_Given data:_
(* For $n\ge 2$, the number of shallow $132$-avoiding centrosymmetric permutations in $S_n$ equals $\lceil (n+1)/2\rceil$.
   Context: For $\pi\in S_n$: $D(\pi)=\sum_{i}|\pi_i-i|$, $I(\pi)$ is the number of inversions, $T(\pi)=n-\mathrm{cyc}(\pi)$ with $\mathrm{cyc}$ the number of cycles in the disjoint cycle decomposition; $\pi$ is shallow if $I(\pi)+T(\pi)=D(\pi)$. A permutation avoids a pattern $\sigma$ if it has no subsequence order-isomorphic to $\sigma$. The reverse-complement $\pi^{rc}$ is defined by $\pi^{rc}_{n+1-i}=n+1-\pi_i$; $\pi$ is centrosymmetric if $\pi=\pi^{rc}$. *)

theory Defs
  imports Complex_Main "HOL-Combinatorics.Permutations"
begin

definition perms :: "nat \<Rightarrow> (nat \<Rightarrow> nat) set" where
  "perms n = {p. p permutes {1..n}}"

definition displacement :: "nat \<Rightarrow> (nat \<Rightarrow> nat) \<Rightarrow> int" where
  "displacement n p = (\<Sum>i\<in>{1..n}. \<bar>int (p i) - int i\<bar>)"

definition inversions :: "nat \<Rightarrow> (nat \<Rightarrow> nat) \<Rightarrow> nat" where
  "inversions n p = card {(i, j). i \<in> {1..n} \<and> j \<in> {1..n} \<and> i < j \<and> p i > p j}"

definition cycle_at :: "(nat \<Rightarrow> nat) \<Rightarrow> nat \<Rightarrow> nat set" where
  "cycle_at p i = {(p ^^ k) i | k. True}"

definition num_cycles :: "nat \<Rightarrow> (nat \<Rightarrow> nat) \<Rightarrow> nat" where
  "num_cycles n p = card (cycle_at p ` {1..n})"

definition reflection_length :: "nat \<Rightarrow> (nat \<Rightarrow> nat) \<Rightarrow> nat" where
  "reflection_length n p = n - num_cycles n p"

definition shallow :: "nat \<Rightarrow> (nat \<Rightarrow> nat) \<Rightarrow> bool" where
  "shallow n p \<longleftrightarrow>
     int (inversions n p) + int (reflection_length n p) = displacement n p"

definition avoids132 :: "nat \<Rightarrow> (nat \<Rightarrow> nat) \<Rightarrow> bool" where
  "avoids132 n p \<longleftrightarrow>
     \<not> (\<exists>i j k. 1 \<le> i \<and> i < j \<and> j < k \<and> k \<le> n \<and> p i < p k \<and> p k < p j)"

definition centrosymmetric :: "nat \<Rightarrow> (nat \<Rightarrow> nat) \<Rightarrow> bool" where
  "centrosymmetric n p \<longleftrightarrow> (\<forall>i\<in>{1..n}. p (n + 1 - i) = n + 1 - p i)"

end

theory Submission
  imports Defs "HOL-Combinatorics.Cycles"
begin

text \<open>A centrosymmetric 132-avoiding permutation p of [n] is either the identity, or it begins with
  an increasing run of length c = n + 1 - p(1) ending in n; centrosymmetry mirrors this run onto
  an increasing run 1, ..., c at the end, and what remains in the middle is, after shifting, a
  centrosymmetric 132-avoiding permutation s of [n - 2c].  Passing from s to p adds 2c(n - c) to D,
  c(n - c) + (n - 2c)c to I and c to T, so the defect D - I - T grows by c^2 - c.  By induction
  the defect is nonnegative, and it vanishes exactly when every layer has c = 1, i.e. for the
  n div 2 + 1 involutions exchanging i and n + 1 - i for the k outermost pairs, k \<le> n div 2.\<close>

lemma permutes_interval_bounds:
  assumes "p permutes {1..n}" "1 \<le> i" "i \<le> n"
  shows "1 \<le> p i \<and> p i \<le> n"
  using permutes_in_image[OF assms(1)] assms(2,3) by auto

lemma centrosymmetric_avoids132_avoids213:
  assumes pp: "p permutes {1..n}" and ce: "centrosymmetric n p" and av: "avoids132 n p"
    and ijk: "1 \<le> i" "i < j" "j < k" "k \<le> n"
  shows "\<not> (p j < p i \<and> p i < p k)"
proof
  assume pattern: "p j < p i \<and> p i < p k"
  have "p (n + 1 - k) = n + 1 - p k" "p (n + 1 - j) = n + 1 - p j" "p (n + 1 - i) = n + 1 - p i"
    using ce ijk unfolding centrosymmetric_def by auto
  moreover have "p k \<le> n" using permutes_interval_bounds[OF pp, of k] ijk by auto
  ultimately have "1 \<le> n + 1 - k \<and> n + 1 - k < n + 1 - j \<and> n + 1 - j < n + 1 - i \<and>
      n + 1 - i \<le> n \<and> p (n + 1 - k) < p (n + 1 - i) \<and> p (n + 1 - i) < p (n + 1 - j)"
    using ijk pattern by auto
  then show False using av unfolding avoids132_def by blast
qed

lemma centrosymmetric_avoids132_initial_run:
  assumes pp: "p permutes {1..n}" and ce: "centrosymmetric n p" and av: "avoids132 n p"
  shows "1 \<le> i \<Longrightarrow> i \<le> n + 1 - p 1 \<Longrightarrow> p i = p 1 + i - 1"
proof (induction i rule: less_induct)
  case (less i)
  note inj = inj_eq[OF permutes_inj[OF pp]]
  show ?case
  proof (cases "i = 1")
    case False
    then have i: "2 \<le> i" "i \<le> n + 1 - p 1" using less.prems by auto
    have earlier: "p t = p 1 + t - 1" if "1 \<le> t" "t < i" for t
      using less.IH[OF that(2,1)] that i by simp
    have "p 1 + i - 1 \<in> p ` {1..n}"
      using i permutes_interval_bounds[OF pp, of 1] permutes_image[OF pp] by auto
    then obtain j where j: "1 \<le> j" "j \<le> n" "p j = p 1 + i - 1" by auto
    txt \<open>Otherwise p i lies below p 1 (a 213 at positions 1, i, j), strictly between p 1 and
      p j (values already taken before position i), or above p j (a 132 at positions 1, i, j).\<close>
    have "j = i"
    proof (rule ccontr)
      assume "j \<noteq> i"
      moreover have "\<not> j < i" using earlier[of j] j i by auto
      ultimately have ij: "i < j" by simp
      have "p i \<noteq> p 1" "p i \<noteq> p j" using i ij by (simp_all add: inj)
      moreover have "\<not> (p 1 < p i \<and> p i < p j)"
      proof
        assume between: "p 1 < p i \<and> p i < p j"
        then have "p (p i - p 1 + 1) = p i" using earlier[of "p i - p 1 + 1"] j by auto
        then have "p i - p 1 + 1 = i" by (simp add: inj)
        then show False using between j by linarith
      qed
      moreover have "\<not> p i < p 1"
        using centrosymmetric_avoids132_avoids213[OF pp ce av, of 1 i j] i ij j by auto
      moreover have "\<not> p j < p i"
      proof
        assume "p j < p i"
        then have "1 \<le> (1::nat) \<and> 1 < i \<and> i < j \<and> j \<le> n \<and> p 1 < p j \<and> p j < p i"
          using i ij j by auto
        then show False using av unfolding avoids132_def by blast
      qed
      ultimately show False using i j by linarith
    qed
    then show ?thesis using j by simp
  qed simp
qed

_Problem to work on:_ All of the entries above need to be output again exactly.

_Solved exercise:_
(* For $n\ge 2$, the number of shallow $132$-avoiding centrosymmetric permutations in $S_n$ equals $\lceil (n+1)/2\rceil$.
   Context: For $\pi\in S_n$: $D(\pi)=\sum_{i}|\pi_i-i|$, $I(\pi)$ is the number of inversions, $T(\pi)=n-\mathrm{cyc}(\pi)$ with $\mathrm{cyc}$ the number of cycles in the disjoint cycle decomposition; $\pi$ is shallow if $I(\pi)+T(\pi)=D(\pi)$. A permutation avoids a pattern $\sigma$ if it has no subsequence order-isomorphic to $\sigma$. The reverse-complement $\pi^{rc}$ is defined by $\pi^{rc}_{n+1-i}=n+1-\pi_i$; $\pi$ is centrosymmetric if $\pi=\pi^{rc}$. *)

theory Defs
  imports Complex_Main "HOL-Combinatorics.Permutations"
begin

definition perms :: "nat \<Rightarrow> (nat \<Rightarrow> nat) set" where
  "perms n = {p. p permutes {1..n}}"

definition displacement :: "nat \<Rightarrow> (nat \<Rightarrow> nat) \<Rightarrow> int" where
  "displacement n p = (\<Sum>i\<in>{1..n}. \<bar>int (p i) - int i\<bar>)"

definition inversions :: "nat \<Rightarrow> (nat \<Rightarrow> nat) \<Rightarrow> nat" where
  "inversions n p = card {(i, j). i \<in> {1..n} \<and> j \<in> {1..n} \<and> i < j \<and> p i > p j}"

definition cycle_at :: "(nat \<Rightarrow> nat) \<Rightarrow> nat \<Rightarrow> nat set" where
  "cycle_at p i = {(p ^^ k) i | k. True}"

definition num_cycles :: "nat \<Rightarrow> (nat \<Rightarrow> nat) \<Rightarrow> nat" where
  "num_cycles n p = card (cycle_at p ` {1..n})"

definition reflection_length :: "nat \<Rightarrow> (nat \<Rightarrow> nat) \<Rightarrow> nat" where
  "reflection_length n p = n - num_cycles n p"

definition shallow :: "nat \<Rightarrow> (nat \<Rightarrow> nat) \<Rightarrow> bool" where
  "shallow n p \<longleftrightarrow>
     int (inversions n p) + int (reflection_length n p) = displacement n p"

definition avoids132 :: "nat \<Rightarrow> (nat \<Rightarrow> nat) \<Rightarrow> bool" where
  "avoids132 n p \<longleftrightarrow>
     \<not> (\<exists>i j k. 1 \<le> i \<and> i < j \<and> j < k \<and> k \<le> n \<and> p i < p k \<and> p k < p j)"

definition centrosymmetric :: "nat \<Rightarrow> (nat \<Rightarrow> nat) \<Rightarrow> bool" where
  "centrosymmetric n p \<longleftrightarrow> (\<forall>i\<in>{1..n}. p (n + 1 - i) = n + 1 - p i)"

end

theory Submission
  imports Defs "HOL-Combinatorics.Cycles"
begin

text \<open>A centrosymmetric 132-avoiding permutation p of [n] is either the identity, or it begins with
  an increasing run of length c = n + 1 - p(1) ending in n; centrosymmetry mirrors this run onto
  an increasing run 1, ..., c at the end, and what remains in the middle is, after shifting, a
  centrosymmetric 132-avoiding permutation s of [n - 2c].  Passing from s to p adds 2c(n - c) to D,
  c(n - c) + (n - 2c)c to I and c to T, so the defect D - I - T grows by c^2 - c.  By induction
  the defect is nonnegative, and it vanishes exactly when every layer has c = 1, i.e. for the
  n div 2 + 1 involutions exchanging i and n + 1 - i for the k outermost pairs, k \<le> n div 2.\<close>

lemma permutes_interval_bounds:
  assumes "p permutes {1..n}" "1 \<le> i" "i \<le> n"
  shows "1 \<le> p i \<and> p i \<le> n"
  using permutes_in_image[OF assms(1)] assms(2,3) by auto

lemma centrosymmetric_avoids132_avoids213:
  assumes pp: "p permutes {1..n}" and ce: "centrosymmetric n p" and av: "avoids132 n p"
    and ijk: "1 \<le> i" "i < j" "j < k" "k \<le> n"
  shows "\<not> (p j < p i \<and> p i < p k)"
proof
  assume pattern: "p j < p i \<and> p i < p k"
  have "p (n + 1 - k) = n + 1 - p k" "p (n + 1 - j) = n + 1 - p j" "p (n + 1 - i) = n + 1 - p i"
    using ce ijk unfolding centrosymmetric_def by auto
  moreover have "p k \<le> n" using permutes_interval_bounds[OF pp, of k] ijk by auto
  ultimately have "1 \<le> n + 1 - k \<and> n + 1 - k < n + 1 - j \<and> n + 1 - j < n + 1 - i \<and>
      n + 1 - i \<le> n \<and> p (n + 1 - k) < p (n + 1 - i) \<and> p (n + 1 - i) < p (n + 1 - j)"
    using ijk pattern by auto
  then show False using av unfolding avoids132_def by blast
qed

lemma centrosymmetric_avoids132_initial_run:
  assumes pp: "p permutes {1..n}" and ce: "centrosymmetric n p" and av: "avoids132 n p"
  shows "1 \<le> i \<Longrightarrow> i \<le> n + 1 - p 1 \<Longrightarrow> p i = p 1 + i - 1"
proof (induction i rule: less_induct)
  case (less i)
  note inj = inj_eq[OF permutes_inj[OF pp]]
  show ?case
  proof (cases "i = 1")
    case False
    then have i: "2 \<le> i" "i \<le> n + 1 - p 1" using less.prems by auto
    have earlier: "p t = p 1 + t - 1" if "1 \<le> t" "t < i" for t
      using less.IH[OF that(2,1)] that i by simp
    have "p 1 + i - 1 \<in> p ` {1..n}"
      using i permutes_interval_bounds[OF pp, of 1] permutes_image[OF pp] by auto
    then obtain j where j: "1 \<le> j" "j \<le> n" "p j = p 1 + i - 1" by auto
    txt \<open>Otherwise p i lies below p 1 (a 213 at positions 1, i, j), strictly between p 1 and
      p j (values already taken before position i), or above p j (a 132 at positions 1, i, j).\<close>
    have "j = i"
    proof (rule ccontr)
      assume "j \<noteq> i"
      moreover have "\<not> j < i" using earlier[of j] j i by auto
      ultimately have ij: "i < j" by simp
      have "p i \<noteq> p 1" "p i \<noteq> p j" using i ij by (simp_all add: inj)
      moreover have "\<not> (p 1 < p i \<and> p i < p j)"
      proof
        assume between: "p 1 < p i \<and> p i < p j"
        then have "p (p i - p 1 + 1) = p i" using earlier[of "p i - p 1 + 1"] j by auto
        then have "p i - p 1 + 1 = i" by (simp add: inj)
        then show False using between j by linarith
      qed
      moreover have "\<not> p i < p 1"
        using centrosymmetric_avoids132_avoids213[OF pp ce av, of 1 i j] i ij j by auto
      moreover have "\<not> p j < p i"
      proof
        assume "p j < p i"
        then have "1 \<le> (1::nat) \<and> 1 < i \<and> i < j \<and> j \<le> n \<and> p 1 < p j \<and> p j < p i"
          using i ij j by auto
        then show False using av unfolding avoids132_def by blast
      qed
      ultimately show False using i j by linarith
    qed
    then show ?thesis using j by simp
  qed simp
qed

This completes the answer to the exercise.